Selok · 17/12/2022 10:02

Received letter from the school/Ofqual open letter to students, extracted below parts - is this a good thing? What do you think?

Grading for GCSE, AS and A levels in 2023
Grading will be back to normal this summer. But there is some protection in place for GCSE and A level student cohorts this summer.
Broadly speaking this means that a typical student who would have achieved, say, an A grade in an A level qualification before the pandemic will be just as likely to get an A in 2023, even if their performance in the assessments is a little weaker in 2023 than it would have been before the pandemic.

OP posts:
timefortinsel · 17/12/2022 12:04

Not sure what that means?
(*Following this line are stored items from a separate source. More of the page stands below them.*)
(* Let $\phi$ be the standard Gaussian density, $h$ a probability density on $\mathbb R$ that is symmetric, positive and decreasing on $[0,\infty)$, $m\ge0$ and $c_0>0$. There exists $c>0$ depending only on $h,m,c_0$ such that for all $n\ge1$, $\sigma>0$ and real numbers $X$, $x\ge0$ with $|X|\le x$ and $\sigma\le c_0x$, $$\int_{\mathbb R}|\theta|^m\,\phi(\sqrt n(X-\theta))\,h(\theta/\sigma)\,d\theta\ \ge\ c\,\sigma^{m+1}\phi(\sqrt n\,x).$$ *)

theory Defs
  imports "HOL-Probability.Probability"
begin

definition prob_density_real :: "(real \<Rightarrow> real) \<Rightarrow> bool" where
  "prob_density_real h \<longleftrightarrow> h \<in> borel_measurable borel \<and> (\<forall>t. 0 \<le> h t)
     \<and> integrable lborel h \<and> (\<integral>t. h t \<partial>lborel) = 1"

end

(*
  Put d = sigma / c0, so that 0 < d <= x. On the side of the origin where X lies, the points t
  with d/2 <= |t| <= d form an interval of length d/2 on which |X - t| <= x. Since the Gaussian
  density and h both decrease in the absolute value of their argument, the integrand there is at
  least (d/2)^m * phi(sqrt n * x) * h(1/c0), which gives the bound with c = h(1/c0) / (2 c0)^(m+1).
  Integrability follows from phi(sqrt n * u) <= phi(u), the boundedness of h by h(0) and the
  finiteness of the absolute moments of the normal distribution.
*)

theory Submission
  imports Defs
begin

lemma integral_ge_of_lower_bound_on_interval:
  fixes f :: "real \<Rightarrow> real"
  assumes f: "integrable lborel f" and nonneg: "\<And>t. 0 \<le> f t"
    and bound: "\<And>t. t \<in> {a..b} \<Longrightarrow> C \<le> f t" and "a \<le> b"
  shows "C * (b - a) \<le> (\<integral>t. f t \<partial>lborel)"
proof -
  have "C * (b - a) = (\<integral>t. C * indicator {a..b} t \<partial>lborel)"
    using \<open>a \<le> b\<close> by simp
  also have "\<dots> \<le> (\<integral>t. f t \<partial>lborel)"
    using borel_integrable_atLeastAtMost[of a b "\<lambda>_. C"]
    by (intro integral_mono f) (auto simp: indicator_def nonneg bound)
  finally show ?thesis .
qed

lemma power_add_le_two_power:
  fixes a b :: real
  assumes "0 \<le> a" "0 \<le> b"
  shows "(a + b) ^ k \<le> 2 ^ k * (a ^ k + b ^ k)"
proof -
  have "(a + b) ^ k \<le> (2 * max a b) ^ k"
    using assms by (intro power_mono) auto
  also have "\<dots> = 2 ^ k * max a b ^ k"
    by (simp add: power_mult_distrib)
  also have "\<dots> \<le> 2 ^ k * (a ^ k + b ^ k)"
    using assms by (auto simp: max_def)
  finally show ?thesis .
qed

lemma abs_powr_le_one_plus_power_ceiling:
  fixes t m :: real
  assumes "0 \<le> m"
  shows "\<bar>t\<bar> powr m \<le> 1 + \<bar>t\<bar> ^ nat \<lceil>m\<rceil>"
proof (cases "\<bar>t\<bar> \<le> 1")
  case True
  then have "\<bar>t\<bar> powr m \<le> 1"
    using assms by (intro powr_le1) auto
  then show ?thesis
    by (simp add: add_increasing2)
next
  case False
  then have "\<bar>t\<bar> powr m \<le> \<bar>t\<bar> powr (nat \<lceil>m\<rceil>)"
    by (intro powr_mono) (auto simp: real_nat_ceiling_ge)
  also have "\<dots> = \<bar>t\<bar> ^ nat \<lceil>m\<rceil>"
    using False by (simp add: powr_realpow)
  finally show ?thesis by simp
qed

lemma integrable_abs_powr_normal_density:
  fixes m :: real
  assumes "0 \<le> m" and "0 < \<sigma>"
  shows "integrable lborel (\<lambda>\<theta>. \<bar>\<theta>\<bar> powr m * normal_density \<mu> \<sigma> \<theta>)"
proof -
  define k where "k = nat \<lceil>m\<rceil>"
  let ?p = "normal_density \<mu> \<sigma>"
  have "integrable lborel
      (\<lambda>\<theta>. ?p \<theta> + 2 ^ k * (?p \<theta> * \<bar>\<theta> - \<mu>\<bar> ^ k) + 2 ^ k * \<bar>\<mu>\<bar> ^ k * ?p \<theta>)"
    by (intro Bochner_Integration.integrable_add integrable_mult_right
        integrable_normal_moment_abs integrable_normal_density \<open>0 < \<sigma>\<close>)
  then show ?thesis
  proof (rule Bochner_Integration.integrable_bound)
    show "AE \<theta> in lborel. norm (\<bar>\<theta>\<bar> powr m * ?p \<theta>)
        \<le> norm (?p \<theta> + 2 ^ k * (?p \<theta> * \<bar>\<theta> - \<mu>\<bar> ^ k) + 2 ^ k * \<bar>\<mu>\<bar> ^ k * ?p \<theta>)"
    proof (rule AE_I2)
      fix \<theta> :: real
      have "\<bar>\<theta>\<bar> ^ k \<le> (\<bar>\<theta> - \<mu>\<bar> + \<bar>\<mu>\<bar>) ^ k"
        by (intro power_mono) auto
      also have "\<dots> \<le> 2 ^ k * (\<bar>\<theta> - \<mu>\<bar> ^ k + \<bar>\<mu>\<bar> ^ k)"
        by (intro power_add_le_two_power) auto
      finally have "\<bar>\<theta>\<bar> powr m \<le> 1 + 2 ^ k * (\<bar>\<theta> - \<mu>\<bar> ^ k + \<bar>\<mu>\<bar> ^ k)"
        using abs_powr_le_one_plus_power_ceiling[OF \<open>0 \<le> m\<close>, of \<theta>] unfolding k_def by linarith
      then have "\<bar>\<theta>\<bar> powr m * ?p \<theta> \<le> (1 + 2 ^ k * (\<bar>\<theta> - \<mu>\<bar> ^ k + \<bar>\<mu>\<bar> ^ k)) * ?p \<theta>"
        by (intro mult_right_mono) auto
      then show "norm (\<bar>\<theta>\<bar> powr m * ?p \<theta>)
          \<le> norm (?p \<theta> + 2 ^ k * (?p \<theta> * \<bar>\<theta> - \<mu>\<bar> ^ k) + 2 ^ k * \<bar>\<mu>\<bar> ^ k * ?p \<theta>)"
        by (simp add: algebra_simps)
    qed
  qed (simp add: normal_density_def)
qed

lemma std_normal_density_abs_antimono:
  assumes "\<bar>u\<bar> \<le> \<bar>v\<bar>"
  shows "std_normal_density v \<le> std_normal_density u"
proof -
  have "u\<^sup>2 \<le> v\<^sup>2"
    using assms by (simp add: abs_le_square_iff)
  then show ?thesis
    by (simp add: normal_density_def divide_right_mono)
qed

lemma integrable_abs_powr_std_normal_density_bounded:
  fixes g :: "real \<Rightarrow> real" and a m X :: real
  assumes g: "g \<in> borel_measurable borel" "\<And>t. \<bar>g t\<bar> \<le> G"
    and a: "1 \<le> \<bar>a\<bar>" and m: "0 \<le> m"
  shows "integrable lborel (\<lambda>\<theta>. \<bar>\<theta>\<bar> powr m * std_normal_density (a * (X - \<theta>)) * g \<theta>)"
proof (rule Bochner_Integration.integrable_bound)
  show "integrable lborel (\<lambda>\<theta>. G * (\<bar>\<theta>\<bar> powr m * normal_density X 1 \<theta>))"
    using integrable_abs_powr_normal_density[OF m zero_less_one] by (rule integrable_mult_right)
  show "(\<lambda>\<theta>. \<bar>\<theta>\<bar> powr m * std_normal_density (a * (X - \<theta>)) * g \<theta>) \<in> borel_measurable lborel"
    using g(1) by (simp add: normal_density_def) measurable
  show "AE \<theta> in lborel. norm (\<bar>\<theta>\<bar> powr m * std_normal_density (a * (X - \<theta>)) * g \<theta>)
      \<le> norm (G * (\<bar>\<theta>\<bar> powr m * normal_density X 1 \<theta>))"
  proof (rule AE_I2)
    fix \<theta> :: real
    have "std_normal_density (a * (X - \<theta>)) \<le> std_normal_density (\<theta> - X)"
      using mult_right_mono[OF a, of "\<bar>X - \<theta>\<bar>"]
      by (intro std_normal_density_abs_antimono) (simp add: abs_mult abs_minus_commute)
    then have "std_normal_density (a * (X - \<theta>)) \<le> normal_density X 1 \<theta>"
      by (simp add: normal_density_def)
    then have "\<bar>\<theta>\<bar> powr m * std_normal_density (a * (X - \<theta>)) * \<bar>g \<theta>\<bar>
        \<le> \<bar>\<theta>\<bar> powr m * normal_density X 1 \<theta> * G"
      using g(2)[of \<theta>] by (intro mult_mono mult_left_mono) auto
    moreover have "0 \<le> G"
      using g(2)[of 0] by linarith
    ultimately show "norm (\<bar>\<theta>\<bar> powr m * std_normal_density (a * (X - \<theta>)) * g \<theta>)
        \<le> norm (G * (\<bar>\<theta>\<bar> powr m * normal_density X 1 \<theta>))"
      by (simp add: abs_mult mult_ac)
  qed
qed

lemma symmetric_decreasing_abs_antimono:
  fixes h :: "real \<Rightarrow> real"
  assumes symm: "\<And>t. h (- t) = h t"
    and decr: "\<And>s t. 0 \<le> s \<Longrightarrow> s \<le> t \<Longrightarrow> h t \<le> h s"
    and "\<bar>s\<bar> \<le> \<bar>t\<bar>"
  shows "h t \<le> h s"
proof -
  have "h \<bar>t\<bar> \<le> h \<bar>s\<bar>"
    using decr \<open>\<bar>s\<bar> \<le> \<bar>t\<bar>\<close> by simp
  moreover have "h \<bar>r\<bar> = h r" for r
    using symm[of r] by (cases "0 \<le> r") auto
  ultimately show ?thesis
    by simp
qed

lemma same_side_interval_near_origin:
  fixes d x X :: real
  assumes "0 < d" "d \<le> x" "\<bar>X\<bar> \<le> x"
  obtains b where "\<And>t. t \<in> {b..b + d / 2} \<Longrightarrow> d / 2 \<le> \<bar>t\<bar> \<and> \<bar>t\<bar> \<le> d \<and> \<bar>X - t\<bar> \<le> x"
proof (cases "0 \<le> X")
  case True
  then show ?thesis
    using assms by (intro that[of "d / 2"]) auto
next
  case False
  then show ?thesis
    using assms by (intro that[of "- d"]) auto
qed

lemma integral_abs_powr_normal_kernel_lower_bound:
  fixes h :: "real \<Rightarrow> real" and a m c\<^sub>0 \<sigma> X x :: real
  assumes h: "h \<in> borel_measurable borel" "\<And>t. 0 \<le> h t"
    and symm: "\<And>t. h (- t) = h t"
    and decr: "\<And>s t. 0 \<le> s \<Longrightarrow> s \<le> t \<Longrightarrow> h t \<le> h s"
    and a: "1 \<le> \<bar>a\<bar>" and m: "0 \<le> m" and c0: "0 < c\<^sub>0"
    and \<sigma>: "0 < \<sigma>" "\<sigma> \<le> c\<^sub>0 * x" and X: "\<bar>X\<bar> \<le> x"
  shows "h (1 / c\<^sub>0) * (\<sigma> / (2 * c\<^sub>0)) powr (m + 1) * std_normal_density (a * x)
    \<le> (\<integral>\<theta>. \<bar>\<theta>\<bar> powr m * std_normal_density (a * (X - \<theta>)) * h (\<theta> / \<sigma>) \<partial>lborel)"
proof -
  define d where "d = \<sigma> / c\<^sub>0"
  define C where "C = (d / 2) powr m * std_normal_density (a * x) * h (1 / c\<^sub>0)"
  have d: "0 < d" "d \<le> x"
    using \<sigma> c0 by (auto simp: d_def pos_divide_le_eq mult.commute)
  then obtain b where b: "\<And>t. t \<in> {b..b + d / 2} \<Longrightarrow> d / 2 \<le> \<bar>t\<bar> \<and> \<bar>t\<bar> \<le> d \<and> \<bar>X - t\<bar> \<le> x"
    using same_side_interval_near_origin X by blast
  have "C * (b + d / 2 - b)
      \<le> (\<integral>\<theta>. \<bar>\<theta>\<bar> powr m * std_normal_density (a * (X - \<theta>)) * h (\<theta> / \<sigma>) \<partial>lborel)"
  proof (rule integral_ge_of_lower_bound_on_interval)
    show "integrable lborel (\<lambda>\<theta>. \<bar>\<theta>\<bar> powr m * std_normal_density (a * (X - \<theta>)) * h (\<theta> / \<sigma>))"
      using h symmetric_decreasing_abs_antimono[where h = h, OF symm decr, of 0]
      by (intro integrable_abs_powr_std_normal_density_bounded[OF _ _ a m, where G = "h 0"]) auto
    fix t assume t: "t \<in> {b..b + d / 2}"
    have "(d / 2) powr m \<le> \<bar>t\<bar> powr m"
      using b[OF t] d m by (intro powr_mono2) auto
    moreover have "std_normal_density (a * x) \<le> std_normal_density (a * (X - t))"
      using b[OF t] d by (intro std_normal_density_abs_antimono) (simp add: abs_mult mult_left_mono)
    moreover have "h (1 / c\<^sub>0) \<le> h (t / \<sigma>)"
    proof (rule symmetric_decreasing_abs_antimono[where h = h, OF symm decr])
      show "\<bar>t / \<sigma>\<bar> \<le> \<bar>1 / c\<^sub>0\<bar>"
        using b[OF t] \<sigma> c0 by (simp add: d_def abs_divide field_simps)
    qed
    ultimately show "C \<le> \<bar>t\<bar> powr m * std_normal_density (a * (X - t)) * h (t / \<sigma>)"
      unfolding C_def using h(2) by (intro mult_mono) auto
  qed (use h(2) d in auto)
  moreover have "C * (b + d / 2 - b) = h (1 / c\<^sub>0) * (d / 2) powr (m + 1) * std_normal_density (a * x)"
    using d by (simp add: C_def powr_add mult_ac)
  moreover have "d / 2 = \<sigma> / (2 * c\<^sub>0)"
    by (simp add: d_def)
  ultimately show ?thesis
    by simp
qed

theorem mainTheorem6:
  fixes h :: "real \<Rightarrow> real" and m c\<^sub>0 :: real
  assumes dens: "prob_density_real h"
    and symm: "\<And>t. h (- t) = h t"
    and pos: "\<And>t. h t > 0"
    and decr: "\<And>s t. 0 \<le> s \<Longrightarrow> s \<le> t \<Longrightarrow> h t \<le> h s"
    and m: "m \<ge> 0"
    and c0: "c\<^sub>0 > 0"
  shows "\<exists>c>0. \<forall>(n::nat) \<sigma> X x. n \<ge> 1 \<longrightarrow> \<sigma> > 0 \<longrightarrow> x \<ge> 0 \<longrightarrow> \<bar>X\<bar> \<le> x
            \<longrightarrow> \<sigma> \<le> c\<^sub>0 * x \<longrightarrow>
           (\<integral>\<theta>. \<bar>\<theta>\<bar> powr m * std_normal_density (sqrt (real n) * (X - \<theta>)) * h (\<theta> / \<sigma>) \<partial>lborel)
             \<ge> c * \<sigma> powr (m + 1) * std_normal_density (sqrt (real n) * x)"
proof -
  have h: "h \<in> borel_measurable borel" "\<And>t. 0 \<le> h t"
    using dens unfolding prob_density_real_def by auto
  define c where "c = h (1 / c\<^sub>0) / (2 * c\<^sub>0) powr (m + 1)"
  have "c > 0"
    using pos c0 by (simp add: c_def)
  moreover have "c * \<sigma> powr (m + 1) * std_normal_density (sqrt (real n) * x)
      \<le> (\<integral>\<theta>. \<bar>\<theta>\<bar> powr m * std_normal_density (sqrt (real n) * (X - \<theta>)) * h (\<theta> / \<sigma>) \<partial>lborel)"
    if "n \<ge> 1" "\<sigma> > 0" "\<bar>X\<bar> \<le> x" "\<sigma> \<le> c\<^sub>0 * x" for n :: nat and \<sigma> X x :: real
  proof -
    have "c * \<sigma> powr (m + 1) = h (1 / c\<^sub>0) * (\<sigma> / (2 * c\<^sub>0)) powr (m + 1)"
      using that c0 by (simp add: c_def powr_divide)
    moreover have "1 \<le> \<bar>sqrt (real n)\<bar>"
      using that by simp
    ultimately show ?thesis
      using integral_abs_powr_normal_kernel_lower_bound[OF h symm decr _ m c0] that by simp
  qed
  ultimately show ?thesis
    by blast
qed

end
How would they know which students were on course to receive a specific grade pre-pandemic - they wouldn't have even started the A-level courses?

blametheparents · 17/12/2022 18:06

Maybe it would make more sense if we were able to see the whole letter from Ofqual?
I suspect, though have no proof, that grade boundaries may be a little lower than 2019 levels of performance of the whole cohort demands it - ie there needs to x students getting an A*, y students getting and A etc.
Everyone can’t get lower grades than any other year.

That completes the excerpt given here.